Gregor Gorjanc (gg): Functions dim, nrow, and ncol for shell

2012-12-28

Functions dim, nrow, and ncol for shell

Ever wanted to find out quickly the number of rows and/or columns in file directly from terminal. There are many ways to skin this cat. Here is what I used for number of rows for quite a while:

wc -l filename

What about number of columns? "Easy", just combine head and awk commands:

head -n 1 filename | awk '{ print NF }'

not a big problem (there are likely better ways to do this), but is long and tedious.

I got sick of typing commands above and assembled them in three easy to use function with R-like names: nrow, ncol, and dim. Functions are simply a collection of above ideas and assume that the file is of "rectangular shape", i.e., a table, a matrix, etc.

dim()
{
for FILE in $@; do
NROW=$(nrow $FILE | awk '{ print $1}')
NCOL=$(ncol $FILE | awk '{ print $1}')
echo "$NROW $NCOL $FILE"
unset NROW NCOL
done
}
export -f dim

nrow ()
{
for FILE in $@; do
wc -l $FILE
done
}
export -f nrow

ncol ()
{
for FILE in $@; do
TMP=$(head $FILE -n 1 | awk '{ print NF }')
echo "$TMP $FILE"
unset TMP
done
}
export -f ncol

Add these files to your .bashrc or .profile or something similar and you can now simply type:

nrow filename

ncol filename

dim filename

A simple test:

touch file.txt

echo "line1 with four columns" >> file.txt

echo "line2 with four columns" >> file.txt

nrow file.txt

2 file.txt

ncol file.txt

4 file.txt

dim file.txt

2 4 file.txt

4 comments:

Anonymous said...: Hi Gregor,

a shorter and simpler version of :

head -n 1 filename | awk '{ print NF }'

could be :

awk 'END{print NF}' filename

Likewise the number of line could be :
awk 'END{print NR}' filename

But I admit these may be less obvious.; 28 December 2012 at 16:57
Gorjanc Gregor said...: I like your stuff - might be actually more efficient. I knew people will propose better ways to make this even faster and neater, which is one of the reasons I bothered posting this on blog! Thanks!!!; 28 December 2012 at 21:37
Gorjanc Gregor said...: Francois, I did some testing on a file with 550 rows and 100001 columns with 100 repetitions (the code is bellow) and behold:

"My" approach:
- nrow ~6.8sec
- ncol ~1.3sec

"Pure awk" approach:
- nrow ~17.7sec
- ncol ~19.0sec

So "pure awk" approach is way slower. Though few seconds up and down do not really save the day, unless this would be really mission critical. Perhaps there is a way to say to awk in the nrow case to read just first columns and in the ncol case to read only the first line.

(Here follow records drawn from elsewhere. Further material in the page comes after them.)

definition path_moment :: "real \<Rightarrow> real \<Rightarrow> sfun \<Rightarrow> path measure \<Rightarrow> ennreal" where
  "path_moment p T f P = (\<integral>\<^sup>+ \<omega>. (\<integral>\<^sup>+ t\<in>{0<..<T}. ennreal (\<bar>f t (Xproc \<omega> t)\<bar> powr p) \<partial>lborel) \<partial>P)"

lemma Lp_iff_path_moment:
  "f \<in> Lp p T Ps \<longleftrightarrow> (\<lambda>(t, x). f t x) \<in> borel_measurable (restrict_space borel (D0 T))
     \<and> (SUP P\<in>Ps. path_moment p T f P) < \<infinity>"
  by (simp add: Lp_def path_moment_def)

lemma nn_integral_Xproc_le_sum:
  fixes g :: "nat \<Rightarrow> sfun" and h :: sfun
  assumes N: "sets N = sets (PathSpace T S0 Sg0 A0)" and T: "0 < T" and J: "finite J"
    and g_meas: "\<And>j. j \<in> J \<Longrightarrow> (\<lambda>(t, x). g j t x) \<in> borel_measurable (restrict_space borel (D0 T))"
    and g_nonneg: "\<And>j t x. j \<in> J \<Longrightarrow> 0 \<le> g j t x"
    and h_out: "\<And>t x. (t, x) \<notin> D0 T \<Longrightarrow> h t x = 0"
    and h_le: "\<And>t x. (t, x) \<in> D0 T \<Longrightarrow> \<bar>h t x\<bar> powr p \<le> C * (\<Sum>j\<in>J. g j t x)"
    and C: "0 \<le> C"
  shows "path_moment p T h N
    \<le> ennreal C * (\<Sum>j\<in>J. \<integral>\<^sup>+ \<omega>. (\<integral>\<^sup>+ t\<in>{0<..<T}.
          ennreal (if (t, Xproc \<omega> t) \<in> D0 T then g j t (Xproc \<omega> t) else 0) \<partial>lborel) \<partial>N)"
proof -
  define G where "G j = (\<lambda>z. ennreal (if (snd z, Xproc (fst z) (snd z)) \<in> D0 T
      then g j (snd z) (Xproc (fst z) (snd z)) else 0) * indicator {0<..<T} (snd z))" for j
  have G_meas: "G j \<in> borel_measurable (N \<Otimes>\<^sub>M lborel)" if "j \<in> J" for j
    unfolding G_def by (rule measurable_Xproc_integrand[OF N T g_meas[OF that]])
  have "path_moment p T h N
      \<le> (\<integral>\<^sup>+ \<omega>. \<integral>\<^sup>+ t. ennreal C * (\<Sum>j\<in>J. G j (\<omega>, t)) \<partial>lborel \<partial>N)"
    unfolding path_moment_def
  proof (intro nn_integral_mono)
    fix \<omega> t
    show "ennreal (\<bar>h t (Xproc \<omega> t)\<bar> powr p) * indicator {0<..<T} t \<le> ennreal C * (\<Sum>j\<in>J. G j (\<omega>, t))"
    proof (cases "(t, Xproc \<omega> t) \<in> D0 T \<and> t \<in> {0<..<T}")
      case True
      then have "ennreal (\<bar>h t (Xproc \<omega> t)\<bar> powr p) \<le> ennreal (C * (\<Sum>j\<in>J. g j t (Xproc \<omega> t)))"
        by (intro ennreal_leI h_le) simp
      also have "\<dots> = ennreal C * (\<Sum>j\<in>J. G j (\<omega>, t))"
        using True C g_nonneg by (simp add: G_def ennreal_mult sum_nonneg)
      finally show ?thesis using True by simp
    qed (auto simp: h_out indicator_def)
  qed
  also have "\<dots> = (\<integral>\<^sup>+ z. ennreal C * (\<Sum>j\<in>J. G j z) \<partial>(N \<Otimes>\<^sub>M lborel))"
    by (rule lborel.nn_integral_fst[of "\<lambda>z. ennreal C * (\<Sum>j\<in>J. G j z)"]) (use G_meas in auto)
  also have "\<dots> = ennreal C * (\<Sum>j\<in>J. \<integral>\<^sup>+ z. G j z \<partial>(N \<Otimes>\<^sub>M lborel))"
    using G_meas by (simp add: nn_integral_cmult nn_integral_sum)
  also have "\<dots> = ennreal C * (\<Sum>j\<in>J. \<integral>\<^sup>+ \<omega>. \<integral>\<^sup>+ t. G j (\<omega>, t) \<partial>lborel \<partial>N)"
    using lborel.nn_integral_fst[OF G_meas] by simp
  finally show ?thesis unfolding G_def fst_conv snd_conv by simp
qed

time for i in $(seq 1 1 100); do wc -l F2Chip9Genotype.txt > tmp; done

time for i in $(seq 1 1 100); do head -n 1 F2Chip9Genotype.txt | awk '{ print NF }' > tmp; done

time for i in $(seq 1 1 100); do awk 'END{ print NR }' F2Chip9Genotype.txt > tmp; done

time for i in $(seq 1 1 100); do awk 'END{ print NF }' F2Chip9Genotype.txt > tmp; done; 29 December 2012 at 06:48
David Duffy said...: awk 'BEGIN{ getline; print NF }'

may be pretty quick too ;)

I compiled my earlier Awk program for this using Awka

http://awka.sourceforge.net

as it reads right through to check for any unequal lines.

My newer beautiful Fortran code gives output like:

file wc beagle_chr21.genotypes_chr21.gz.gprobs.gz

Field counts for "beagle_chr21.genotypes_chr21.gz.gprobs.gz":

L 1 Len 86548 NFields 9801: "l.4977 col.4979 col.4979 col.4979 col.4981 col.498"

Number of lines = 33826
Length of longest line = 86548 chars
Total number of words = 331528626
Maximum words per line = 9801
Constant word count per line? = T
Length of longest word = 10 chars; 11 June 2013 at 09:16